### [YOUR OBJECTIVE]
Filter the entries for the word "longleftrightarrow". Copy each line that has it.

Saved entries:
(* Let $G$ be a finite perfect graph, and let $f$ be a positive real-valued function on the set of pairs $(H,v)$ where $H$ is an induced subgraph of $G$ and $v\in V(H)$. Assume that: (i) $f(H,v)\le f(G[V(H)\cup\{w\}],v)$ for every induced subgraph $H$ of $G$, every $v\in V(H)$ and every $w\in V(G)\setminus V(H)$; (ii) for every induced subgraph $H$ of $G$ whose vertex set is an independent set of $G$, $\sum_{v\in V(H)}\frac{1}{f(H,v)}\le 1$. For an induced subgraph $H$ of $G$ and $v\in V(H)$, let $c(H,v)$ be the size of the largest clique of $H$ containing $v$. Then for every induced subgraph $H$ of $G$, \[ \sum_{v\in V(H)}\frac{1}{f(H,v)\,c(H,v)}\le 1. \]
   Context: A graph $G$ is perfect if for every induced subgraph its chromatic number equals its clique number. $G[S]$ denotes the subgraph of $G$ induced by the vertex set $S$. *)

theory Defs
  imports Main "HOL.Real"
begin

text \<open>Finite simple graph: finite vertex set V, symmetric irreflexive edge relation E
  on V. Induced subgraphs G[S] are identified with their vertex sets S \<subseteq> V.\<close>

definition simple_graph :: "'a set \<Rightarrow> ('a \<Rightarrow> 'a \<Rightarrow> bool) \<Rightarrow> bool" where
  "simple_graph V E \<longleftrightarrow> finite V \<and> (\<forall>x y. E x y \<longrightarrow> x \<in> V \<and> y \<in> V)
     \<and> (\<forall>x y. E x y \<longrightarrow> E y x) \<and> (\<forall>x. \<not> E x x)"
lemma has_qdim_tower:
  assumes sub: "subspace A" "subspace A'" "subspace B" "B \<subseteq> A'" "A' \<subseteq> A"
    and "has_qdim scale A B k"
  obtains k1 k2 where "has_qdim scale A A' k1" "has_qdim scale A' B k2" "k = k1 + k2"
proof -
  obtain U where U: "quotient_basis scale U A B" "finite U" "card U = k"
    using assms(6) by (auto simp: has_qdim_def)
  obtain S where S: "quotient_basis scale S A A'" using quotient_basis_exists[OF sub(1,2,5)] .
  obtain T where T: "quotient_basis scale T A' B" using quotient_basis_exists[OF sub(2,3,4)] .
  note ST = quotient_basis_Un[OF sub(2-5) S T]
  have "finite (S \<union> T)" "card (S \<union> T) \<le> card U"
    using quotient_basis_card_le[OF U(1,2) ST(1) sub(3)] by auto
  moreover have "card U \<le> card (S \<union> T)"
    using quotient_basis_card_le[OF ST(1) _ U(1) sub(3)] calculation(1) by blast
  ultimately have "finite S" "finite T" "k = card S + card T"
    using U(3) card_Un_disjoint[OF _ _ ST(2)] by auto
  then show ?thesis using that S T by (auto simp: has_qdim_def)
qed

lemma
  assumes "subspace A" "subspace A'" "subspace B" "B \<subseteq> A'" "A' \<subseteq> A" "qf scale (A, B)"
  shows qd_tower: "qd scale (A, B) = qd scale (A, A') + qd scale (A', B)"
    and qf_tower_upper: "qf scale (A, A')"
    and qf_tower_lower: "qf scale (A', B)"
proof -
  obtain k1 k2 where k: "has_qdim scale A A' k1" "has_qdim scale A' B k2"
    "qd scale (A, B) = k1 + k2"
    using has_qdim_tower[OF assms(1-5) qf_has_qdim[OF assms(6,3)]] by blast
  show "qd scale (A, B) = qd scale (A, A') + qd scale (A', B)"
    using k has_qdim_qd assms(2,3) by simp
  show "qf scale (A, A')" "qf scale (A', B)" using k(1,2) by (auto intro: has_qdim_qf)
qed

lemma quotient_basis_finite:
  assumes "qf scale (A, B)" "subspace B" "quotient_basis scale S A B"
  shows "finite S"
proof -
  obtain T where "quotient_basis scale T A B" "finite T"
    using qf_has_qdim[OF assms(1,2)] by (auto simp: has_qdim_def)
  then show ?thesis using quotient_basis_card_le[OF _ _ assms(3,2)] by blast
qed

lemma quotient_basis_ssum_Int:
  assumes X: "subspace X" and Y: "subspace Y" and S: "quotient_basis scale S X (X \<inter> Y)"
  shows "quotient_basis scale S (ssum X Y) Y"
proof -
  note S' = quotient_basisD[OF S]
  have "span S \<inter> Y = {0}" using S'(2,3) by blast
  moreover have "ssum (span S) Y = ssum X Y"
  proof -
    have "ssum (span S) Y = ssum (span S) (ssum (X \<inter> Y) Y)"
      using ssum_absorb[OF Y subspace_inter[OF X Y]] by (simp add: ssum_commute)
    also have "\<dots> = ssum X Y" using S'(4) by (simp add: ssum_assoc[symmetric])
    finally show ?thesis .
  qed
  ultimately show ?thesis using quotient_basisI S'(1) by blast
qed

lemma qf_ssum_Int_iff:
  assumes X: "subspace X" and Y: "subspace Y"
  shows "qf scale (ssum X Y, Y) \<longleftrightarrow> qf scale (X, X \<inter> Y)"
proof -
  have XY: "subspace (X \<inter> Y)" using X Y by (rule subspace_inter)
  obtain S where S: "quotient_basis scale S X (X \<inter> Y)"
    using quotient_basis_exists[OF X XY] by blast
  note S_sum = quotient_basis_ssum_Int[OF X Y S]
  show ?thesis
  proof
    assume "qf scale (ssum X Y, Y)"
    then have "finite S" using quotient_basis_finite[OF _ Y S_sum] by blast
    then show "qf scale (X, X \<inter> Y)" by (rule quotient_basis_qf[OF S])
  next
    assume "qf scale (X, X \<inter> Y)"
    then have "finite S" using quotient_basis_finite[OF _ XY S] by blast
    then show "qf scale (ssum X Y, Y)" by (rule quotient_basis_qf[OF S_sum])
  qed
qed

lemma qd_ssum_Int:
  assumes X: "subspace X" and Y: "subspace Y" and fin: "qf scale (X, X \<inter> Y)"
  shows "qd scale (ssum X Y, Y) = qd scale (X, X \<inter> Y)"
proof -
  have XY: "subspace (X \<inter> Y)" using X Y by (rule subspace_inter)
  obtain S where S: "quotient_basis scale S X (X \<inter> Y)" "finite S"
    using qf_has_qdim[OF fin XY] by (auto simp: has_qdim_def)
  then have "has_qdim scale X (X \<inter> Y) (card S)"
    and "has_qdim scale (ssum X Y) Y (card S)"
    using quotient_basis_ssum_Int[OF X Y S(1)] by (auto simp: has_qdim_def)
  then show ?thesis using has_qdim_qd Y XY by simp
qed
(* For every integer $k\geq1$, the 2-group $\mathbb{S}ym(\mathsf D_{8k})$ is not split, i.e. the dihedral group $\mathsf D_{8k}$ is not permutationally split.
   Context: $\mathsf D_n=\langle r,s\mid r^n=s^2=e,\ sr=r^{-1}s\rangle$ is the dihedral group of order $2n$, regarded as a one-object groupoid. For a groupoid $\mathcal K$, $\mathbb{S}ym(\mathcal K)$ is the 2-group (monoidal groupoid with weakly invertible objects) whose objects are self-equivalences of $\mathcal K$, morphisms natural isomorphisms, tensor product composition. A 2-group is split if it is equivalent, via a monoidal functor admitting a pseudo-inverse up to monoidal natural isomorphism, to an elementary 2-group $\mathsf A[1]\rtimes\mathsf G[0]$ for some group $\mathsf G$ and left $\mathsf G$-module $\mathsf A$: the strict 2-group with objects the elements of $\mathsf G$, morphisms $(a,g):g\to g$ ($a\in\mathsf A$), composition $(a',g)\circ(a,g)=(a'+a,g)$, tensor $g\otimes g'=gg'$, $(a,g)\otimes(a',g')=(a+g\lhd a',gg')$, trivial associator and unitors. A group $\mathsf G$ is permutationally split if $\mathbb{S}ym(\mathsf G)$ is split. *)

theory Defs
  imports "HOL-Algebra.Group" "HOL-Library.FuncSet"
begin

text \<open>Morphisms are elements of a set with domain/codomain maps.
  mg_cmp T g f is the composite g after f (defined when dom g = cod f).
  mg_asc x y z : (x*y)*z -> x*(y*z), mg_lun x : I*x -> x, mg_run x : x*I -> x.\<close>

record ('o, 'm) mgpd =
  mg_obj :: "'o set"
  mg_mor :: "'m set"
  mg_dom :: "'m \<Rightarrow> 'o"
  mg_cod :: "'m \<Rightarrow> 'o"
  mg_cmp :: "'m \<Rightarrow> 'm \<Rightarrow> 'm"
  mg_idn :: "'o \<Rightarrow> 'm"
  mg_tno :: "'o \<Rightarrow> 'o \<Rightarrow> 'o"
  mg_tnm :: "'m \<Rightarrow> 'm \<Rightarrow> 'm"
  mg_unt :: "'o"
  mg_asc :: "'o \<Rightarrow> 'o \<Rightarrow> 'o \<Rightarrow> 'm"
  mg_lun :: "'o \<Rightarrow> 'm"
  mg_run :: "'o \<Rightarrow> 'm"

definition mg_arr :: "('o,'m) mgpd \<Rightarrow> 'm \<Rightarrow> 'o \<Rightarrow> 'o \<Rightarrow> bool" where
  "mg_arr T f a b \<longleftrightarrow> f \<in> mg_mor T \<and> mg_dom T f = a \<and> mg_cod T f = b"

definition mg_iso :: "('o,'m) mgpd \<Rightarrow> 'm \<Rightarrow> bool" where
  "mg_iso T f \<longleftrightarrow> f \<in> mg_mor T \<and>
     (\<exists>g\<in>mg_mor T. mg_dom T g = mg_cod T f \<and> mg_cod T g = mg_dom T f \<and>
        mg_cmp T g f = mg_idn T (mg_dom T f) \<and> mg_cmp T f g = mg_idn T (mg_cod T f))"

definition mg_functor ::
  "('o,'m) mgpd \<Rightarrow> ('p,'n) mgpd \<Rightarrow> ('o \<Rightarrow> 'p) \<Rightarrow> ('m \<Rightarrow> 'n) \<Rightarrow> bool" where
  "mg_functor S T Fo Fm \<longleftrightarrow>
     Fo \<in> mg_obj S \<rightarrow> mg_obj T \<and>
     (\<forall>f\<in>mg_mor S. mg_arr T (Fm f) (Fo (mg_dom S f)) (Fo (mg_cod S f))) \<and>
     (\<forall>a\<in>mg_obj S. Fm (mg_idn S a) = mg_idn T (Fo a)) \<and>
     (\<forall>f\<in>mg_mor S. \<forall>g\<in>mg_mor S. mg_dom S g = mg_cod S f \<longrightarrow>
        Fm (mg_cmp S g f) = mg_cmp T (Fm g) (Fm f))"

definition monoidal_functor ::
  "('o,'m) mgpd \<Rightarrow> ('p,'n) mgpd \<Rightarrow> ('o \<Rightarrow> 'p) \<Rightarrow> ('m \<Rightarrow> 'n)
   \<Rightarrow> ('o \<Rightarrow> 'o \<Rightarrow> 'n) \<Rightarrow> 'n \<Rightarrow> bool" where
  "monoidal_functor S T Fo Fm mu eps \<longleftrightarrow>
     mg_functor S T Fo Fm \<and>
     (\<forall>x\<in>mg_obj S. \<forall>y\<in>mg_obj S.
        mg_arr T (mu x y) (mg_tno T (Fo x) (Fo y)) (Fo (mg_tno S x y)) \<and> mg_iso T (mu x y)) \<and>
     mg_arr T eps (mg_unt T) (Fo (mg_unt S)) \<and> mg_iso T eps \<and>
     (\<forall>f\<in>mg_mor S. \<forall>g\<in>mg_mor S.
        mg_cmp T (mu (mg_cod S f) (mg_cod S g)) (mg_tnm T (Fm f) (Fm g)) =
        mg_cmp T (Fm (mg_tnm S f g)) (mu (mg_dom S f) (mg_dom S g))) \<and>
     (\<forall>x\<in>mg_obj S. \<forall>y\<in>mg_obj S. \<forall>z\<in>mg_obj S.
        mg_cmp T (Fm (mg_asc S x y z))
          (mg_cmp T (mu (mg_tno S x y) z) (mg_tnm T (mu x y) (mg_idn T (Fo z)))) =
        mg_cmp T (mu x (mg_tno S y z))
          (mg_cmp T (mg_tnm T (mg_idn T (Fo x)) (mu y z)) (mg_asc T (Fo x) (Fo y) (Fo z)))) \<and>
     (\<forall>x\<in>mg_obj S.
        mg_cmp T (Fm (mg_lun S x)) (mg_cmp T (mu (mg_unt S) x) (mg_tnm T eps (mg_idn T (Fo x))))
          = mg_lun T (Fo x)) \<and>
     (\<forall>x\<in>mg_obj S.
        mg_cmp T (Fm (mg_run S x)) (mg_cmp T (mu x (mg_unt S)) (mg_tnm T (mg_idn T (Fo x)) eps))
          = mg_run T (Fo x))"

### [TASK ANSWER]
  "simple_graph V E \<longleftrightarrow> finite V \<and> (\<forall>x y. E x y \<longrightarrow> x \<in> V \<and> y \<in> V)
  shows "qf scale (ssum X Y, Y) \<longleftrightarrow> qf scale (X, X \<inter> Y)"
  "mg_arr T f a b \<longleftrightarrow> f \<in> mg_mor T \<and> mg_dom T f = a \<and> mg_cod T f = b"
  "mg_iso T f \<longleftrightarrow> f \<in> mg_mor T \<and>
  "mg_functor S T Fo Fm \<longleftrightarrow>
  "monoidal_functor S T Fo Fm mu eps \<longleftrightarrow>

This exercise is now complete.